2

I'm trying to use the squish method to reduce multiple white spaces in a string to single white spaces. However, I have a string with mutliple spaces which are not reduced. When I check for string[space_position].blank? it returns true, but its neither empty, nor does is it == ' '.

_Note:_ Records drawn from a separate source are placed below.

(* Let $p>1$, $p'=\frac{p}{p-1}$, $\Omega=\{x\in\mathbb{R}^2\;;\;|x|>1\}$, and let $\eta,\eta^*,\psi_R,\psi_R^*,P(R)$ be as in the context. Then there exist positive constants $C_1,C_2,C_3,C_4$ (independent of $R$ and of $(x,t)$) such that for every $R>0$: (i) $\psi_R(x,t)=1$ if $(x,t)\in P(R/2)$, and $\psi_R(x,t)=0$ if $(x,t)\notin P(R)$; (ii) $|\partial_t\psi_R(x,t)|\le C_1R^{-1}[\psi_R^*(x,t)]^{1/p}$ for all $(x,t)\in P(R)$; (iii) $|\partial_t^2\psi_R(x,t)|\le C_2R^{-2}[\psi_R^*(x,t)]^{1/p}$ for all $(x,t)\in P(R)$; (iv) $|\nabla\psi_R(x,t)|\le C_3R^{-1}|x|(\log|x|)[\psi_R^*(x,t)]^{1/p}$ for all $(x,t)\in P(R)$; (v) $|\Delta\psi_R(x,t)|\le C_4R^{-1}[\psi_R^*(x,t)]^{1/p}$ for all $(x,t)\in P(R)$.
   Context: Fix $\eta\in C^2([0,\infty))$ with $\eta=1$ on $[0,1/2]$, $\eta$ decreasing on $(1/2,1)$, $\eta=0$ on $[1,\infty)$; let $\eta^*(s)=0$ for $s\in[0,1/2)$ and $\eta^*(s)=\eta(s)$ for $s\ge1/2$. For $R>0$ set $s_R(x,t)=\frac{(|x|-1)^2+t}{R}$, $\psi_R(x,t)=[\eta(s_R(x,t))]^{2p'}$, $\psi_R^*(x,t)=[\eta^*(s_R(x,t))]^{2p'}$ for $(x,t)\in\Omega\times[0,\infty)$, and $P(R)=\{(x,t)\in\Omega\times[0,\infty)\;;\;(|x|-1)^2+t\le R\}$. *)

theory Defs
  imports "HOL-Analysis.Analysis"
begin

definition pprime :: "real \<Rightarrow> real" where
  "pprime p = p / (p - 1)"

definition C2_on_nonneg :: "(real \<Rightarrow> real) \<Rightarrow> bool" where
  "C2_on_nonneg f \<longleftrightarrow> (\<exists>f1 f2.
     (\<forall>s\<ge>0. (f has_real_derivative f1 s) (at s within {0..}) \<and>
              (f1 has_real_derivative f2 s) (at s within {0..})) \<and>
     continuous_on {0..} f2)"

definition cutoff :: "(real \<Rightarrow> real) \<Rightarrow> bool" where
  "cutoff eta \<longleftrightarrow> C2_on_nonneg eta \<and>
     (\<forall>s. 0 \<le> s \<and> s \<le> 1/2 \<longrightarrow> eta s = 1) \<and>
     (\<forall>a b. 1/2 < a \<and> a < b \<and> b < 1 \<longrightarrow> eta b \<le> eta a) \<and>
     (\<forall>s\<ge>1. eta s = 0)"

definition eta_star :: "(real \<Rightarrow> real) \<Rightarrow> real \<Rightarrow> real" where
  "eta_star eta s = (if s < 1/2 then 0 else eta s)"

definition sR :: "real \<Rightarrow> real^2 \<Rightarrow> real \<Rightarrow> real" where
  "sR R x t = ((norm x - 1)\<^sup>2 + t) / R"

definition psiR :: "real \<Rightarrow> (real \<Rightarrow> real) \<Rightarrow> real \<Rightarrow> real^2 \<Rightarrow> real \<Rightarrow> real" where
  "psiR p eta R x t = (eta (sR R x t)) powr (2 * pprime p)"

definition psiR_star :: "real \<Rightarrow> (real \<Rightarrow> real) \<Rightarrow> real \<Rightarrow> real^2 \<Rightarrow> real \<Rightarrow> real" where
  "psiR_star p eta R x t = (eta_star eta (sR R x t)) powr (2 * pprime p)"

definition Omega :: "(real^2) set" where
  "Omega = {x. norm x > 1}"

definition PR :: "real \<Rightarrow> ((real^2) \<times> real) set" where
  "PR R = {(x, t). x \<in> Omega \<and> t \<ge> 0 \<and> (norm x - 1)\<^sup>2 + t \<le> R}"

definition partial_x :: "2 \<Rightarrow> (real^2 \<Rightarrow> real) \<Rightarrow> real^2 \<Rightarrow> real" where
  "partial_x i f x = deriv (\<lambda>h. f (x + h *\<^sub>R axis i 1)) 0"

definition grad :: "(real^2 \<Rightarrow> real) \<Rightarrow> real^2 \<Rightarrow> real^2" where
  "grad f x = (\<chi> i. partial_x i f x)"

definition laplacian :: "(real^2 \<Rightarrow> real) \<Rightarrow> real^2 \<Rightarrow> real" where
  "laplacian f x = (\<Sum>i\<in>UNIV. partial_x i (partial_x i f) x)"

end

theory Submission
  imports Defs
begin

text \<open>Put \<open>a = 2p'\<close> and \<open>s = s_R(x,t)\<close>, so that \<open>\<psi>_R = \<eta>(s)^a\<close> and, because \<open>a/p = a - 2\<close>,
  \<open>(\<psi>_R\<^sup>*)^(1/p) = \<eta>\<^sup>*(s)^(a-2)\<close>. The first two derivatives of \<open>\<eta>^a\<close> are combinations of
  \<open>\<eta>^(a-1) \<eta>'\<close>, \<open>\<eta>^(a-2) \<eta>'^2\<close> and \<open>\<eta>^(a-1) \<eta>''\<close>; since \<open>0 \<le> \<eta> \<le> 1\<close> they are bounded by
  a constant times \<open>\<eta>^(a-2)\<close>, and they vanish where \<open>s < 1/2\<close>, which is exactly where \<open>\<eta>\<^sup>*\<close>
  differs from \<open>\<eta>\<close>. The chain rule contributes \<open>\<partial>s/\<partial>t = 1/R\<close> and \<open>\<partial>s/\<partial>r = 2(r - 1)/R\<close> for
  \<open>r = |x|\<close>; on \<open>P(R)\<close> the latter is controlled by \<open>(r - 1)^2 \<le> R\<close> and by \<open>r - 1 \<le> r log r\<close>, and
  the Laplacian is computed from the planar radial formula \<open>g'' + g'/r\<close>.\<close>

lemma DERIV_powr_of_nonneg:
  fixes f :: "real \<Rightarrow> real"
  assumes f: "(f has_real_derivative D) (at s)"
    and nonneg: "\<forall>\<^sub>F u in nhds s. 0 \<le> f u" and c: "c > 1"
  shows "((\<lambda>u. f u powr c) has_real_derivative c * f s powr (c - 1) * D) (at s)"
proof (cases "f s > 0")
  case True
  then show ?thesis using DERIV_fun_powr[OF f True, of c] by simp
next
  case False
  txt \<open>Here the difference quotient tends to \<open>D \<cdot> 0\<close>, whatever \<open>D\<close> is, since \<open>c > 1\<close>.\<close>
  then have f0: "f s = 0" using eventually_nhds_x_imp_x[OF nonneg] by simp
  have quotient: "((\<lambda>h. (f (s + h) - f s) / h) \<longlongrightarrow> D) (at 0)"
    using f by (simp add: DERIV_def)
  have "((\<lambda>h. f (s + h)) \<longlongrightarrow> 0) (at 0)"
    using DERIV_isCont[OF f] f0 by (metis LIM_offset_zero isCont_def)
  moreover have ev: "\<forall>\<^sub>F h in at 0. 0 \<le> f (s + h)"
  proof -
    have "\<forall>\<^sub>F u in at s. 0 \<le> f u"
      using nonneg unfolding eventually_at_filter by (rule eventually_mono) simp
    then show ?thesis unfolding eventually_at_to_0[of _ s] by (simp add: add.commute)
  qed
  ultimately have "((\<lambda>h. f (s + h) powr (c - 1)) \<longlongrightarrow> 0) (at 0)"
    using c by (intro tendsto_zero_powrI) auto
  from tendsto_mult[OF quotient this]
  have "((\<lambda>h. (f (s + h) - f s) / h * f (s + h) powr (c - 1)) \<longlongrightarrow> 0) (at 0)"
    by simp
  moreover have "\<forall>\<^sub>F h in at 0. (f (s + h) - f s) / h * f (s + h) powr (c - 1)
      = (f (s + h) powr c - f s powr c) / h"
    using ev
  proof eventually_elim
    case (elim h)
    have "f (s + h) powr c = f (s + h) powr (1 + (c - 1))" by simp
    also have "\<dots> = f (s + h) powr 1 * f (s + h) powr (c - 1)" by (rule powr_add)
    finally show ?case using f0 elim by (cases "f (s + h) = 0") simp_all
  qed
  ultimately have "((\<lambda>h. (f (s + h) powr c - f s powr c) / h) \<longlongrightarrow> 0) (at 0)"
    by (rule Lim_transform_eventually)
  then show ?thesis using f0 by (simp add: DERIV_def)
qed
lemma tree_phi_strict_mono:
  assumes sub: "\<And>w. w \<in> V - {root} \<Longrightarrow> edge_sign a' b' w \<noteq> 0 \<Longrightarrow> edge_sign a b w = edge_sign a' b' w"
    and w0: "w0 \<in> V - {root}" "edge_sign a b w0 \<noteq> 0" "edge_sign a' b' w0 = 0"
  shows "tree_phi a' b' < tree_phi a b"
proof -
  let ?t = "\<lambda>a b d. qform (P d) (Q d) (R d)
    (green lr a d - green lr b d) (green lx a d - green lx b d)"
  have "?t a' b' d \<le> ?t a b d \<and> (d = w0 \<longrightarrow> ?t a' b' d < ?t a b d)" if d: "d \<in> V - {root}" for d
  proof -
    obtain \<sigma> :: real where \<sigma>: "\<sigma> = 1 \<or> \<sigma> = -1" "\<And>w. ancestor w d \<Longrightarrow> 0 \<le> \<sigma> * edge_sign a b w"
      using edge_sign_uniform[where d = d and a = a and b = b] by blast
    let ?r' = "\<sigma> * (green lr a' d - green lr b' d)" and ?r = "\<sigma> * (green lr a d - green lr b d)"
    let ?x' = "\<sigma> * (green lx a' d - green lx b' d)" and ?x = "\<sigma> * (green lx a d - green lx b d)"
    have r1: "0 \<le> ?r'" using lr_pos sub \<sigma>(2) by (rule green_diff_mono(1))
    have r2: "?r' \<le> ?r" using lr_pos sub \<sigma>(2) by (rule green_diff_mono(2))
    have x1: "0 \<le> ?x'" using lx_pos sub \<sigma>(2) by (rule green_diff_mono(1))
    have x2: "?x' \<le> ?x" using lx_pos sub \<sigma>(2) by (rule green_diff_mono(2))
    have signed: "?t a' b' d = qform (P d) (Q d) (R d) ?r' ?x'"
      "?t a b d = qform (P d) (Q d) (R d) ?r ?x"
      using qform_sign[OF \<sigma>(1)] by simp_all
    have "qform (P d) (Q d) (R d) ?r' ?x' \<le> qform (P d) (Q d) (R d) ?r ?x"
      using r1 r2 x1 x2 P_nonneg[OF d] Q_nonneg[OF d] R_nonneg[OF d] by (rule qform_mono)
    moreover have "qform (P d) (Q d) (R d) ?r' ?x' < qform (P d) (Q d) (R d) ?r ?x" if "d = w0"
    proof -
      have \<sigma>0: "\<sigma> \<noteq> 0" using \<sigma>(1) by auto
      note w0d = w0[folded that]
      have "?r' < ?r" using lr_pos sub \<sigma>(2) \<sigma>0 w0d by (rule green_diff_mono(3))
      moreover have "?x' < ?x" using lx_pos sub \<sigma>(2) \<sigma>0 w0d by (rule green_diff_mono(3))
      ultimately show ?thesis
        using r1 x1 P_nonneg[OF d] Q_nonneg[OF d] R_nonneg[OF d] PQ_pos[OF d]
        by (intro qform_strict_mono) auto
    qed
    ultimately show ?thesis unfolding signed by blast
  qed
  then show ?thesis
    unfolding tree_phi_def using w0(1) finite_V by (intro sum_strict_mono_ex1) auto
qed

lemma tree_phi_parent_edge_less:
  assumes b: "b \<in> V - {root}" and uv: "u \<in> V" "v \<in> V" "\<not> ancestor b u" "ancestor b v"
    and ne: "(u, v) \<noteq> (par b, b)"
  shows "tree_phi (par b) b < tree_phi u v"
proof -
  have b': "b \<in> V" "b \<noteq> root" using b by auto
  obtain w0 where "w0 \<in> V - {root}" "w0 \<noteq> b" "edge_sign u v w0 \<noteq> 0"
    using cut_pair_witness[OF b' uv ne] by blast
  moreover have "edge_sign u v b = -1" using uv(3,4) unfolding edge_sign_def by simp
  ultimately show ?thesis
    using edge_sign_parent[OF b'] by (intro tree_phi_strict_mono[of "par b" b u v w0]) auto
qed
(* Let $E\subseteq\mathrm{Lim}(\omega_1)$ be stationary and let $S=(x_\gamma)_{\gamma\in E}$ be a $\clubsuit(E)$-sequence. Let $\kappa$ be any cardinal and $P=\Pi^*_{\kappa}\mathrm{Fn}(\omega,2)$. Then $P$ forces that $S$ is a $\clubsuit(E)$-sequence.
   Context: $\mathrm{Lim}(\omega_1)$ is the set of countable limit ordinals. A $\clubsuit(E)$-sequence is $(x_\gamma)_{\gamma\in E}$ with each $x_\gamma$ a cofinal subset of $\gamma$ of order type $\omega$ such that for every $y\in[\omega_1]^{\aleph_1}$ there is $\gamma\in E$ with $x_\gamma\subseteq y$. $\mathrm{Fn}(\omega,2)$ is the set of finite partial functions from $\omega$ to $2$ ordered by reverse inclusion. $\Pi^*_{\kappa}\mathrm{Fn}(\omega,2)$ is the set of functions $p:\kappa\to\mathrm{Fn}(\omega,2)$ with $\mathrm{supp}(p)=\{i:p(i)\neq\emptyset\}$ countable, ordered by $p\leq q$ iff $p(i)\supseteq q(i)$ for all $i<\kappa$ and $\{i : p(i)\supsetneq q(i)\supsetneq\emptyset\}$ is finite. *)

theory Defs
  imports "HOL-Library.Countable_Set"
begin

(* omega_1 is modelled by a wellorder type 'w all of whose proper initial
   segments are countable while the whole type is uncountable; this
   characterises omega_1 up to order isomorphism. *)
definition is_omega1 :: "'w::wellorder itself \<Rightarrow> bool" where
  "is_omega1 _ \<longleftrightarrow> uncountable (UNIV :: 'w set) \<and> (\<forall>x::'w. countable {..<x})"

definition is_limit :: "'w::wellorder \<Rightarrow> bool" where
  "is_limit \<gamma> \<longleftrightarrow> (\<exists>\<beta>. \<beta> < \<gamma>) \<and> (\<forall>\<beta><\<gamma>. \<exists>\<delta>. \<beta> < \<delta> \<and> \<delta> < \<gamma>)"

definition club :: "'w::wellorder set \<Rightarrow> bool" where
  "club C \<longleftrightarrow> (\<forall>\<beta>. \<exists>\<delta>\<in>C. \<beta> < \<delta>) \<and>
     (\<forall>\<gamma>. is_limit \<gamma> \<and> (\<forall>\<beta><\<gamma>. \<exists>\<delta>\<in>C. \<beta> < \<delta> \<and> \<delta> < \<gamma>) \<longrightarrow> \<gamma> \<in> C)"

definition stationary :: "'w::wellorder set \<Rightarrow> bool" where
  "stationary E \<longleftrightarrow> (\<forall>C. club C \<longrightarrow> E \<inter> C \<noteq> {})"

(* x is a cofinal subset of gamma of order type omega *)
definition ladder :: "'w::wellorder \<Rightarrow> 'w set \<Rightarrow> bool" where
  "ladder \<gamma> x \<longleftrightarrow> x \<subseteq> {..<\<gamma>} \<and> (\<forall>\<beta><\<gamma>. \<exists>\<delta>\<in>x. \<beta> \<le> \<delta>) \<and>
     infinite x \<and> (\<forall>\<beta>\<in>x. finite {\<delta>\<in>x. \<delta> < \<beta>})"

definition clubsuit_seq :: "'w::wellorder set \<Rightarrow> ('w \<Rightarrow> 'w set) \<Rightarrow> bool" where
  "clubsuit_seq E x \<longleftrightarrow> (\<forall>\<gamma>\<in>E. is_limit \<gamma> \<and> ladder \<gamma> (x \<gamma>)) \<and>
     (\<forall>y. uncountable y \<longrightarrow> (\<exists>\<gamma>\<in>E. x \<gamma> \<subseteq> y))"

definition Fn :: "(nat \<rightharpoonup> bool) set" where
  "Fn = {f. finite (dom f)}"

(* Pi^*_kappa Fn(omega,2), kappa represented by an index set K *)
definition PiStar :: "'k set \<Rightarrow> ('k \<Rightarrow> (nat \<rightharpoonup> bool)) set" where
  "PiStar K = {p. (\<forall>i. p i \<in> Fn) \<and> (\<forall>i. i \<notin> K \<longrightarrow> p i = Map.empty)
                  \<and> countable {i. p i \<noteq> Map.empty}}"

definition pleq :: "('k \<Rightarrow> (nat \<rightharpoonup> bool)) \<Rightarrow> ('k \<Rightarrow> (nat \<rightharpoonup> bool)) \<Rightarrow> bool" where
  "pleq p q \<longleftrightarrow> (\<forall>i. q i \<subseteq>\<^sub>m p i) \<and>
     finite {i. p i \<noteq> q i \<and> q i \<noteq> Map.empty}"

(* Nice names for subsets of omega_1 (ground model): A : 'w => set of conditions,
   meaning {(alpha-check, a) | a \<in> A alpha}. *)

(* q forces  alpha-check \<in> y-dot,  where A = A alpha (A predense below q) *)
definition forces_mem :: "'c set \<Rightarrow> ('c \<Rightarrow> 'c \<Rightarrow> bool) \<Rightarrow> 'c \<Rightarrow> 'c set \<Rightarrow> bool" where
  "forces_mem P le q A \<longleftrightarrow>
     (\<forall>r\<in>P. le r q \<longrightarrow> (\<exists>s\<in>P. le s r \<and> (\<exists>a\<in>A. le s a)))"

definition forces_unbounded ::
  "'c set \<Rightarrow> ('c \<Rightarrow> 'c \<Rightarrow> bool) \<Rightarrow> 'c \<Rightarrow> ('w::wellorder \<Rightarrow> 'c set) \<Rightarrow> bool" where
  "forces_unbounded P le p A \<longleftrightarrow>
     (\<forall>\<beta>. \<forall>q\<in>P. le q p \<longrightarrow> (\<exists>r\<in>P. le r q \<and> (\<exists>\<alpha>. \<beta> < \<alpha> \<and> (\<exists>a\<in>A \<alpha>. le r a))))"

definition forces_clubsuit_guess ::
  "'c set \<Rightarrow> ('c \<Rightarrow> 'c \<Rightarrow> bool) \<Rightarrow> 'w::wellorder set \<Rightarrow> ('w \<Rightarrow> 'w set) \<Rightarrow> bool" where
  "forces_clubsuit_guess P le E x \<longleftrightarrow>
     (\<forall>p\<in>P. \<forall>A. (\<forall>\<alpha>. A \<alpha> \<subseteq> P) \<and> forces_unbounded P le p A \<longrightarrow>
        (\<exists>q\<in>P. le q p \<and> (\<exists>\<gamma>\<in>E. \<forall>n\<in>x \<gamma>. forces_mem P le q (A n))))"

end

theory Submission
  imports Defs
begin

(*
  Fix p and a name A for y such that p forces y to be unbounded. By recursion on xi < omega_1
  choose conditions stage xi below base xi, the amalgam of p with all earlier stages (on each
  coordinate take p if it is nonempty there, otherwise the first earlier stage nonempty there),
  such that stage xi forces some alpha xi > xi into y. Since stage xi <= base xi, stage xi
  properly extends base xi on only finitely many nonempty coordinates; this finite part is the
  stem of xi. At a closure point delta of the construction, a limit, the finite support of the
  stem of delta already lies in the support of some base eta with eta < delta, while only
  countably many stems have support inside a given countable set; so some stem tau is shared by
  uncountably many xi. Their ordinals alpha xi form an uncountable set, which therefore contains
  some x gamma. Overwriting base gamma by tau yields a condition below p and below every stage xi
  with stem tau and xi < gamma, hence it forces x gamma into y.
*)

abbreviation supp :: "('k \<Rightarrow> 'a \<rightharpoonup> 'b) \<Rightarrow> 'k set" where
  "supp q \<equiv> {i. q i \<noteq> Map.empty}"

lemma countable_lessThan_omega1:
  assumes "is_omega1 TYPE('w::wellorder)"
  shows "countable {..<x::'w}"
  using assms unfolding is_omega1_def by simp

lemma countable_atMost_omega1:
  assumes "is_omega1 TYPE('w::wellorder)"
  shows "countable {..x::'w}"
proof -
  have "{..x} = insert x {..<x}" by auto
  then show ?thesis using countable_lessThan_omega1[OF assms] by simp
qed

lemma countable_bounded_omega1:
  fixes Y :: "'w::wellorder set"
  assumes "is_omega1 TYPE('w)" "countable Y"
  obtains b where "Y \<subseteq> {..<b}"
proof -
  have "countable (\<Union>y\<in>Y. {..y})"
    using assms countable_atMost_omega1 by blast
  moreover have "uncountable (UNIV :: 'w set)"
    using assms(1) unfolding is_omega1_def by simp
  ultimately have "(\<Union>y\<in>Y. {..y}) \<noteq> UNIV" by metis
  then obtain b where "b \<notin> (\<Union>y\<in>Y. {..y})" by blast
  then show thesis by (intro that) (auto simp: not_le)
qed

lemma uncountable_image_inflationary_omega1:
  fixes S :: "'w::wellorder set"
  assumes "is_omega1 TYPE('w)" "uncountable S" "\<And>\<xi>. \<xi> \<in> S \<Longrightarrow> \<xi> \<le> f \<xi>"
  shows "uncountable (f ` S)"
proof
  assume "countable (f ` S)"
  then obtain b where "f ` S \<subseteq> {..<b}" using countable_bounded_omega1[OF assms(1)] by blast
  then have "S \<subseteq> {..<b}" using assms(3) by (auto intro: order.strict_trans1)
  then show False
    using assms(2) countable_lessThan_omega1[OF assms(1)] countable_subset by blast
qed

lemma omega1_closure_point:
  fixes f :: "'w::wellorder \<Rightarrow> 'w"
  assumes "is_omega1 TYPE('w)"
  obtains \<delta> where "is_limit \<delta>" "\<And>\<eta>. \<eta> < \<delta> \<Longrightarrow> f \<eta> < \<delta>"
proof -
  have "\<exists>c. d < c \<and> (\<forall>\<eta>\<le>d. f \<eta> < c)" for d
  proof -
    have "countable (insert d (f ` {..d}))" using countable_atMost_omega1[OF assms] by simp
    then obtain c where "insert d (f ` {..d}) \<subseteq> {..<c}"
      by (rule countable_bounded_omega1[OF assms])
    then show ?thesis by auto
  qed
  then obtain c where c: "\<And>d. d < c d \<and> (\<forall>\<eta>\<le>d. f \<eta> < c d)" by metis
  define ds where "ds n = (c ^^ n) undefined" for n
  have ds_Suc: "ds n < ds (Suc n)" "\<eta> \<le> ds n \<Longrightarrow> f \<eta> < ds (Suc n)" for n \<eta>
    unfolding ds_def using c by simp_all
  have "countable (range ds)" by simp
  then obtain z where "range ds \<subseteq> {..<z}" by (rule countable_bounded_omega1[OF assms])
  then have bounded: "\<exists>z. \<forall>n. ds n < z" by auto
  define \<delta> where "\<delta> = (LEAST z. \<forall>n. ds n < z)"
  have ub: "ds n < \<delta>" for n unfolding \<delta>_def using LeastI_ex[OF bounded] by blast
  have below: "\<exists>n. \<beta> \<le> ds n" if "\<beta> < \<delta>" for \<beta>
    using not_less_Least[OF that[unfolded \<delta>_def]] by (auto simp: not_less)
  show thesis
  proof
    show "is_limit \<delta>"
      unfolding is_limit_def
    proof (intro conjI allI impI)
      show "\<exists>\<beta>. \<beta> < \<delta>" using ub by blast
      fix \<beta> assume "\<beta> < \<delta>"
      then obtain n where "\<beta> \<le> ds n" using below by blast
      then show "\<exists>\<gamma>. \<beta> < \<gamma> \<and> \<gamma> < \<delta>"
        using ds_Suc(1)[of n] ub[of "Suc n"] by (blast intro: order.strict_trans1)
    qed
    show "f \<eta> < \<delta>" if "\<eta> < \<delta>" for \<eta>
      using below[OF that] ds_Suc(2) ub by (blast intro: order.strict_trans)
  qed
qed

lemma countable_finite_support:
  assumes "countable C" "countable W"
  shows "countable {t :: 'k \<Rightarrow> 'v. finite {i. t i \<noteq> z} \<and> {i. t i \<noteq> z} \<subseteq> C \<and> range t \<subseteq> W}"
    (is "countable ?T")
proof -
  define graph where "graph t = (\<lambda>i. (i, t i)) ` {i. t i \<noteq> z}" for t :: "'k \<Rightarrow> 'v"
  have "graph ` ?T \<subseteq> {S. finite S \<and> S \<subseteq> C \<times> W}" unfolding graph_def by auto
  then have "countable (graph ` ?T)"
    by (rule countable_subset) (rule countable_Collect_finite_subset, use assms in auto)
  moreover have "inj_on graph ?T"
  proof (rule inj_onI)
    fix t t' assume "graph t = graph t'"
    then have "t i = t' i" for i unfolding graph_def by (auto simp: set_eq_iff image_iff) metis+
    then show "t = t'" by auto
  qed
  ultimately show ?thesis by (rule countable_image_inj_on)
qed

lemma countable_Fn: "countable Fn"
proof -
  have "Fn = {t :: nat \<rightharpoonup> bool. finite {i. t i \<noteq> None} \<and> {i. t i \<noteq> None} \<subseteq> UNIV \<and> range t \<subseteq> UNIV}"
    unfolding Fn_def dom_def by simp
  then show ?thesis
    using countable_finite_support[of "UNIV :: nat set" "UNIV :: bool option set" None] by simp
qed

lemma reflp_pleq: "reflp pleq"
  unfolding pleq_def by (simp add: reflpI)

lemma pleq_trans:
  assumes "pleq r q" "pleq q s"
  shows "pleq r s"
proof -
  have "{i. r i \<noteq> s i \<and> s i \<noteq> Map.empty} \<subseteq>
      {i. r i \<noteq> q i \<and> q i \<noteq> Map.empty} \<union> {i. q i \<noteq> s i \<and> s i \<noteq> Map.empty}"
    by auto
  with assms show ?thesis unfolding pleq_def by (meson finite_Un finite_subset map_le_trans)
qed

lemma transp_pleq: "transp pleq"
  by (rule transpI) (rule pleq_trans)

lemma pleq_if_agree_on_supp:
  assumes "\<And>i. q i = Map.empty \<or> r i = q i"
  shows "pleq r q"
proof -
  have "{i. r i \<noteq> q i \<and> q i \<noteq> Map.empty} = {}" using assms by blast
  moreover have "q i \<subseteq>\<^sub>m r i" for i using assms[of i] by auto
  ultimately show ?thesis unfolding pleq_def by (metis finite.emptyI)
qed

What could cause this behavior?

Not sure if this is relevant, but the string comes from a mongoDB and was saved there by Locomotive CMS.

Cornflex
  • 639
  • 5
  • 15
  • Can you add 1) string before method call 2) args you are calling method with 3) what you would expect? This would make the question a bit clearer. – Puhlze May 18 '13 at 16:07
  • @Puhlze 1) The string is something like this: `string = "sth: Sth"`. 2) Which method do you mean? I'm simply calling string.squish, no arguments. 3) I would expect squish to output `"sth: Sth"`, and `string[6] == ' '` to be true. – Cornflex May 18 '13 at 16:20
  • In the first code example of my above comment there are actually 3 spaces between the colon and the S. – Cornflex May 18 '13 at 16:28
  • provide output of `string.chars.map(&:ord)`. – tokland May 18 '13 at 16:29
  • @tokland: the three spaces: [32,160,32]. By the way, the spaces are created by `Sanitize.clean(string).to_json[1..-2]`. – Cornflex May 18 '13 at 16:33
  • what's the string you have and what output you want? example please. – Arup Rakshit May 18 '13 at 17:58

2 Answers2

2

the three spaces: [32,160,32]

ASCII 160 is a non breaking space usually found in HTML, and apparently not recognized as squish as a space. Try to replace it before:

string.gsub(160.chr, ' ').squish
tokland
  • 66,169
  • 13
  • 144
  • 170
  • Very clever, thank you. However I'm getting an encoding error (`Encoding::CompatibilityError: incompatible encoding regexp match (ASCII-8BIT regexp with UTF-8 string)`). I did add `# encoding: utf-8` at the top of the file. Any ideas? – Cornflex May 18 '13 at 16:51
  • it works for me in a console (1.9.3). Try with `"\xA0`" or check http://stackoverflow.com/questions/1942148/ruby-1-9-regular-expressions-with-unknown-input-encoding – tokland May 18 '13 at 16:57
  • Sorry, I've been off work for a while. Unfortunately, the issue still persists. I don't understand how the link you posted is supposed to help? `string.count('\xA0')` returns 13 in my example. However, when I call `string.gsub!('\xA0')` nil is returned, meaning that nothing is replaced. Weird. – Cornflex May 31 '13 at 16:17
  • the link is supposed to help because you have ASCII-160 chars in your string, so it's good to know why those chars stand for. I don't understand that gsub! command you run, without the second argument. Ýou said your string was [32, 160, 32], right? in a console: [32, 160, 32].map(&:chr).join.gsub(160.chr, '').squish => "" – tokland May 31 '13 at 18:42
  • Sorry, the method I actually called was `string.gsub!('\xA0','')`, with second argument. Yes, what you write works. However, it doesn't with my string. I think the error I pasted above means, that my string is UTF-8 but the regexp is ASCII!? I tried `string = string.encode('UTF-8')` and called gsub again, nothing different. Calling `string.gsub("\xA0".encode('UTF-8'),' ')` leaves me with this error: `RegexpError: invalid multibyte character: /\xA0/` – Cornflex May 31 '13 at 19:22
  • I found the solution. The unicode for non-breaking spaces is u00a0. Thus I had to gsub /\u00a0/. Thanks for your help! http://stackoverflow.com/questions/2588942/convert-non-breaking-spaces-to-spaces-in-ruby – Cornflex May 31 '13 at 19:40
  • Actually solved this with `string.gsub(/[[:space:]]/,' ').squish` – Cornflex May 31 '13 at 19:52
  • it worked with POSIX-style? and failed with `string.gsub(/\s+/, ' ')`? – tokland May 31 '13 at 20:11
0
string.squish! 

This might modify the string itself. Also, any empty string like " ".blank? will return true.

deepthi
  • 685
  • 3
  • 9